TO DO:
Find the string "auto" in the listing and report every line that has it.

########################################

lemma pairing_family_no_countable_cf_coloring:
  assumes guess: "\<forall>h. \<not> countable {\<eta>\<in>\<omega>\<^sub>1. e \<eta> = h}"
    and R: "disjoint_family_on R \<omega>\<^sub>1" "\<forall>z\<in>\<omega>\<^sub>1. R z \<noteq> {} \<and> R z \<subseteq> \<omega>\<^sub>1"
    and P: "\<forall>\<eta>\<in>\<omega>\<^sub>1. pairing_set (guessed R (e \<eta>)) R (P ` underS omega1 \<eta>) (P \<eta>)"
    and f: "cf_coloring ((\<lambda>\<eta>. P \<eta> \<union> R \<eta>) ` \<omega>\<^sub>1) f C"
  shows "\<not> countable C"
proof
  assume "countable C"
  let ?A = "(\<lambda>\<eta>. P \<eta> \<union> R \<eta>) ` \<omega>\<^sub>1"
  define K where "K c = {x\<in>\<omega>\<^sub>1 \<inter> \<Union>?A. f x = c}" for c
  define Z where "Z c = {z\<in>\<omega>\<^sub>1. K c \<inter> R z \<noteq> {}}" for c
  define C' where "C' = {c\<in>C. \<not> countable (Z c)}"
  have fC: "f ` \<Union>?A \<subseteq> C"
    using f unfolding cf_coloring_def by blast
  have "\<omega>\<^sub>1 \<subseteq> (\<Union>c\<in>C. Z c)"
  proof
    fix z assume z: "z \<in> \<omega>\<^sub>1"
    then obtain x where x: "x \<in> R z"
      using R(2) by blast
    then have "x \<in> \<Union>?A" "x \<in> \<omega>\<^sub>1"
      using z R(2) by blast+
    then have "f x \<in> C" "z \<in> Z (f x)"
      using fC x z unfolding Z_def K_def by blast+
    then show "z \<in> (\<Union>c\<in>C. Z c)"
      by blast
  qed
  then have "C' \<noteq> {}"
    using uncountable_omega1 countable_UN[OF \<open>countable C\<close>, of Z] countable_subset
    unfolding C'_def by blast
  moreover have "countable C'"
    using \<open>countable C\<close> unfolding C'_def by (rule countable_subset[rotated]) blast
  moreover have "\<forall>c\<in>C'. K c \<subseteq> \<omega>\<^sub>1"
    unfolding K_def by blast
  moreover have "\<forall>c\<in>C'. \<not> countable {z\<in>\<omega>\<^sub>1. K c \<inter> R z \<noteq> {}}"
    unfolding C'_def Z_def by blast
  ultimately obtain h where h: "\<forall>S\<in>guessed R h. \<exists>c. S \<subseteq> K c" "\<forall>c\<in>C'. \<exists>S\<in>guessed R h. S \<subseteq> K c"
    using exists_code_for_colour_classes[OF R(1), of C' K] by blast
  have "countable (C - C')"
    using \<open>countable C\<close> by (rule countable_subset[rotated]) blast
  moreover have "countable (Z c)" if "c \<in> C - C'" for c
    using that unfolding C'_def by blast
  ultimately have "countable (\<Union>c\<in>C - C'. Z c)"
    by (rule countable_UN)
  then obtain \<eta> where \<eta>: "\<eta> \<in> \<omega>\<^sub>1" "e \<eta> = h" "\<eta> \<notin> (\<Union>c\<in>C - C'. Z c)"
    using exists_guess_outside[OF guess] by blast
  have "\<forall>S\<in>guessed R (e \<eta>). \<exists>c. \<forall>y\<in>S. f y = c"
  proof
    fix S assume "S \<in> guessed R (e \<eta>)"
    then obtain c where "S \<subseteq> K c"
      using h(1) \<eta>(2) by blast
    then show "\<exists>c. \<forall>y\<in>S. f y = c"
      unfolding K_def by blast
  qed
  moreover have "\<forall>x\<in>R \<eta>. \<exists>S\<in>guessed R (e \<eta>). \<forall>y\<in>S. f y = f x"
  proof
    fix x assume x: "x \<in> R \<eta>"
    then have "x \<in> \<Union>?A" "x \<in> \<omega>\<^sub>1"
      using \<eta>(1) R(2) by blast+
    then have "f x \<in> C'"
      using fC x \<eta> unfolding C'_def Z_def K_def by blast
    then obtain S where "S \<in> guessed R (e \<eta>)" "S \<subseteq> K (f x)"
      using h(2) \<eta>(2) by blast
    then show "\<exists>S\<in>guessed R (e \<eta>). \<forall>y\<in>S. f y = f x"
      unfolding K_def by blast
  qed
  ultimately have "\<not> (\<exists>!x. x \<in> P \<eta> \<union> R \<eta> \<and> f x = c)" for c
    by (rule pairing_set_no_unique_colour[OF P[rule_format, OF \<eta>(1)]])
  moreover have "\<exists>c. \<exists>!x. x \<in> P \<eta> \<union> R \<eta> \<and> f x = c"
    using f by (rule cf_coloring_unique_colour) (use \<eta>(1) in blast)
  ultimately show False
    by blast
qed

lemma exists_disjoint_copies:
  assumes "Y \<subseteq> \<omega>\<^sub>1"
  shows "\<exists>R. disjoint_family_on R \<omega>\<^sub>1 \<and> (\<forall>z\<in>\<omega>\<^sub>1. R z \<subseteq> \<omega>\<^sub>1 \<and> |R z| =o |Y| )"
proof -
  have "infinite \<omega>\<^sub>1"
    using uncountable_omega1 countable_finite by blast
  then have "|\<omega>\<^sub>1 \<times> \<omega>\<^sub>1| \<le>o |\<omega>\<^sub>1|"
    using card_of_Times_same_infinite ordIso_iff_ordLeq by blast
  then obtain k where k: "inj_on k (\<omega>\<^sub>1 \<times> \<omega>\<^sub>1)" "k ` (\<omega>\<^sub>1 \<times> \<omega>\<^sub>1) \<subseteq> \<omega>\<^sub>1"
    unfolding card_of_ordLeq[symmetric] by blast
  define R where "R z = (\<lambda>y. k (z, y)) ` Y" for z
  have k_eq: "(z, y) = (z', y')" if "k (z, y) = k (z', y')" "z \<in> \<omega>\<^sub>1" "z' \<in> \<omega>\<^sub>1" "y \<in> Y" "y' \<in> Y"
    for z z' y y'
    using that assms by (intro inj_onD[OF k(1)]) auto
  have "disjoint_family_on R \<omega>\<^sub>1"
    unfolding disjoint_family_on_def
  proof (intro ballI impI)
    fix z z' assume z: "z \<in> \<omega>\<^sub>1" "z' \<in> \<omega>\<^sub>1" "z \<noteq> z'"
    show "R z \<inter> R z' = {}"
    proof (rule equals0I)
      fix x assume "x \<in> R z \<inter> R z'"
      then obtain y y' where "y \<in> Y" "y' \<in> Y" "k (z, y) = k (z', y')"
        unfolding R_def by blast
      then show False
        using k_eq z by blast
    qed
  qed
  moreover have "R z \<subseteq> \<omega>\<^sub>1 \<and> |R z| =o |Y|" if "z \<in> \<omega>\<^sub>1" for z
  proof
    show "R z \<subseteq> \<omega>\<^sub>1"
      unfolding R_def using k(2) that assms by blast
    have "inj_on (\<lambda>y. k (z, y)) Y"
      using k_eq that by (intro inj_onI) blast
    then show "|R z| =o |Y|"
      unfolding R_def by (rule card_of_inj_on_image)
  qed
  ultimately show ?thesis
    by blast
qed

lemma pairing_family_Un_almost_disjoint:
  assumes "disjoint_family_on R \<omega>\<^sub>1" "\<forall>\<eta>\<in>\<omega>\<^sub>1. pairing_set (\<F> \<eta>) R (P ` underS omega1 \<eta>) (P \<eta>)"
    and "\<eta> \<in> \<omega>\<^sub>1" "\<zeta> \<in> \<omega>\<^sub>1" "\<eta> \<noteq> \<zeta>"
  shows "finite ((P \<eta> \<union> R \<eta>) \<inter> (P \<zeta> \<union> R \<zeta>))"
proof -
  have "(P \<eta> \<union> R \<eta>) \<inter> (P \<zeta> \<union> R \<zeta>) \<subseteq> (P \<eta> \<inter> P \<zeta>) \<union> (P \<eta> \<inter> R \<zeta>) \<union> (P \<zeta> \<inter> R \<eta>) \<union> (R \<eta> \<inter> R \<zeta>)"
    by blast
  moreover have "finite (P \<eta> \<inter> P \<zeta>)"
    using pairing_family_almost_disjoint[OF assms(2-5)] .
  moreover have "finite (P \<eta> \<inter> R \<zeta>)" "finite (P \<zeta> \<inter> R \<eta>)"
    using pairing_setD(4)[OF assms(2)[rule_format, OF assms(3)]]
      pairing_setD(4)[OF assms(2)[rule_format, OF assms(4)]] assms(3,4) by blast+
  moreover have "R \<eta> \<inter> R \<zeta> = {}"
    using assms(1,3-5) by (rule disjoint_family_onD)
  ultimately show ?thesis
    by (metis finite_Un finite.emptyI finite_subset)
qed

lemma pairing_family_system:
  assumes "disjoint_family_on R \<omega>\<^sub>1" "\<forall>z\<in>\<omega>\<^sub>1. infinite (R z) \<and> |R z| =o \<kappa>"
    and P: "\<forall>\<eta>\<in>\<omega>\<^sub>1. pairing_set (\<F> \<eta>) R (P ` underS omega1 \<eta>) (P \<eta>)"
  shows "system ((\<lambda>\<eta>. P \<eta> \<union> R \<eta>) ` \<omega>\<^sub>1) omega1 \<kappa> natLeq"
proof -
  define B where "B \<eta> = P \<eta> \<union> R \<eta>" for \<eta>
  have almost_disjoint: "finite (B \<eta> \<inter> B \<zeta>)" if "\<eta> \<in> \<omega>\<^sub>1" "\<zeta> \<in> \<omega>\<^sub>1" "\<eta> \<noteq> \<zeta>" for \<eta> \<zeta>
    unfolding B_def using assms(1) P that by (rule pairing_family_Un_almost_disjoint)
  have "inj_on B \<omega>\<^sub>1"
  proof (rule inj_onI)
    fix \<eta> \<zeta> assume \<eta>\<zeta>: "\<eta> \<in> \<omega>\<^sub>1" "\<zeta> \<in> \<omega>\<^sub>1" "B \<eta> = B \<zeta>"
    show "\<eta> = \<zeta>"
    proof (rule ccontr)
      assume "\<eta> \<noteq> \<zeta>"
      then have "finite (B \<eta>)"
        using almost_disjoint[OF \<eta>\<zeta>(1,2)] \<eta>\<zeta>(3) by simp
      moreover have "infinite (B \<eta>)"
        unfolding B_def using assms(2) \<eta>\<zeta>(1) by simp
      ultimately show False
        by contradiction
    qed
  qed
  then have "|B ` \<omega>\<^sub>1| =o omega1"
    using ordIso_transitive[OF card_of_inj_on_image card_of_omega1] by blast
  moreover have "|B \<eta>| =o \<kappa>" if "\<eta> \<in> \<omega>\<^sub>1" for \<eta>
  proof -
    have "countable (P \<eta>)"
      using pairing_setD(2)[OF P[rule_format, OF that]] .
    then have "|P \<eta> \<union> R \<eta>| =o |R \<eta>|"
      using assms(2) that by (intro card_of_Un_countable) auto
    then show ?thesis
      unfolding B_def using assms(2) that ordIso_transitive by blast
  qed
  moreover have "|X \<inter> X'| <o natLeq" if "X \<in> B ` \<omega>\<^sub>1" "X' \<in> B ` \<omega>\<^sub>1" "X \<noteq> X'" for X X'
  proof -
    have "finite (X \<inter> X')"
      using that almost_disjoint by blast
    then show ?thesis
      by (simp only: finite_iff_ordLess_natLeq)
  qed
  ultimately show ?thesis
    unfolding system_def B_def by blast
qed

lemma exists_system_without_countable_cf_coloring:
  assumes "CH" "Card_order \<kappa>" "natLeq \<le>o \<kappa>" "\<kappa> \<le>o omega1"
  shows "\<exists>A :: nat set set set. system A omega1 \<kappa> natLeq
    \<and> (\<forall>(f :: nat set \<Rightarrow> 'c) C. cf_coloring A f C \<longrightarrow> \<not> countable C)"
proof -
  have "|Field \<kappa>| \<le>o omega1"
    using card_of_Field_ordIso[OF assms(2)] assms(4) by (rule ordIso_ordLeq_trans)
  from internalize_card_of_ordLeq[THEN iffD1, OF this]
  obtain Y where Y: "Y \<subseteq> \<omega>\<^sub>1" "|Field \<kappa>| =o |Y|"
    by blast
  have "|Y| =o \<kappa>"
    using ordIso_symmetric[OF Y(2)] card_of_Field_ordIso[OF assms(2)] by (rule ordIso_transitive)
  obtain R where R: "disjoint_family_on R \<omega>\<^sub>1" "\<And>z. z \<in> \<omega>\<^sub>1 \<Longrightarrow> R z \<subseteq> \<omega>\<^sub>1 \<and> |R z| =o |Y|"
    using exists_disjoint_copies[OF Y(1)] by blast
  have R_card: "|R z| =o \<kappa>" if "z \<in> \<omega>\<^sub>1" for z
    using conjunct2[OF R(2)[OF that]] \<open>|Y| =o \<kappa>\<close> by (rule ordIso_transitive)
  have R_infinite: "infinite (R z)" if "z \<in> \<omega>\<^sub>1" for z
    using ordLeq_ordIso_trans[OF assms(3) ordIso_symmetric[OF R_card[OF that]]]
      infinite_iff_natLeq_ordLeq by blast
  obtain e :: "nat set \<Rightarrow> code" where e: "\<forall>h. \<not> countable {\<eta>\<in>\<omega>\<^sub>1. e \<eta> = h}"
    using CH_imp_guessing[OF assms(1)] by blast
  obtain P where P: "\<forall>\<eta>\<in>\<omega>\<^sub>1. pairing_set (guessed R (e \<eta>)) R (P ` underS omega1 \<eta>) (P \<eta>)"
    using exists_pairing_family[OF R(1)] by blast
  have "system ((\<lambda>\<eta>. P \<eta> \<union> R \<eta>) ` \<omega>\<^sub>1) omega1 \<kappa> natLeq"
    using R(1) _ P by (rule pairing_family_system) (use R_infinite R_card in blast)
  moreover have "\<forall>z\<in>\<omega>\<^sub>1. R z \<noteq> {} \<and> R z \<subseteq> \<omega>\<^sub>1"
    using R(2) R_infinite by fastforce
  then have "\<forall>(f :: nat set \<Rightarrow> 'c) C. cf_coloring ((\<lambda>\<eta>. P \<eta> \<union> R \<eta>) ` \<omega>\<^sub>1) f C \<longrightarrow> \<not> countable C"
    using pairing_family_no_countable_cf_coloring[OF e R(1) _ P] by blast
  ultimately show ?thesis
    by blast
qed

########################################

OUTPUT BELOW:
    using that assms by (intro inj_onD[OF k(1)]) auto
      using assms(2) that by (intro card_of_Un_countable) auto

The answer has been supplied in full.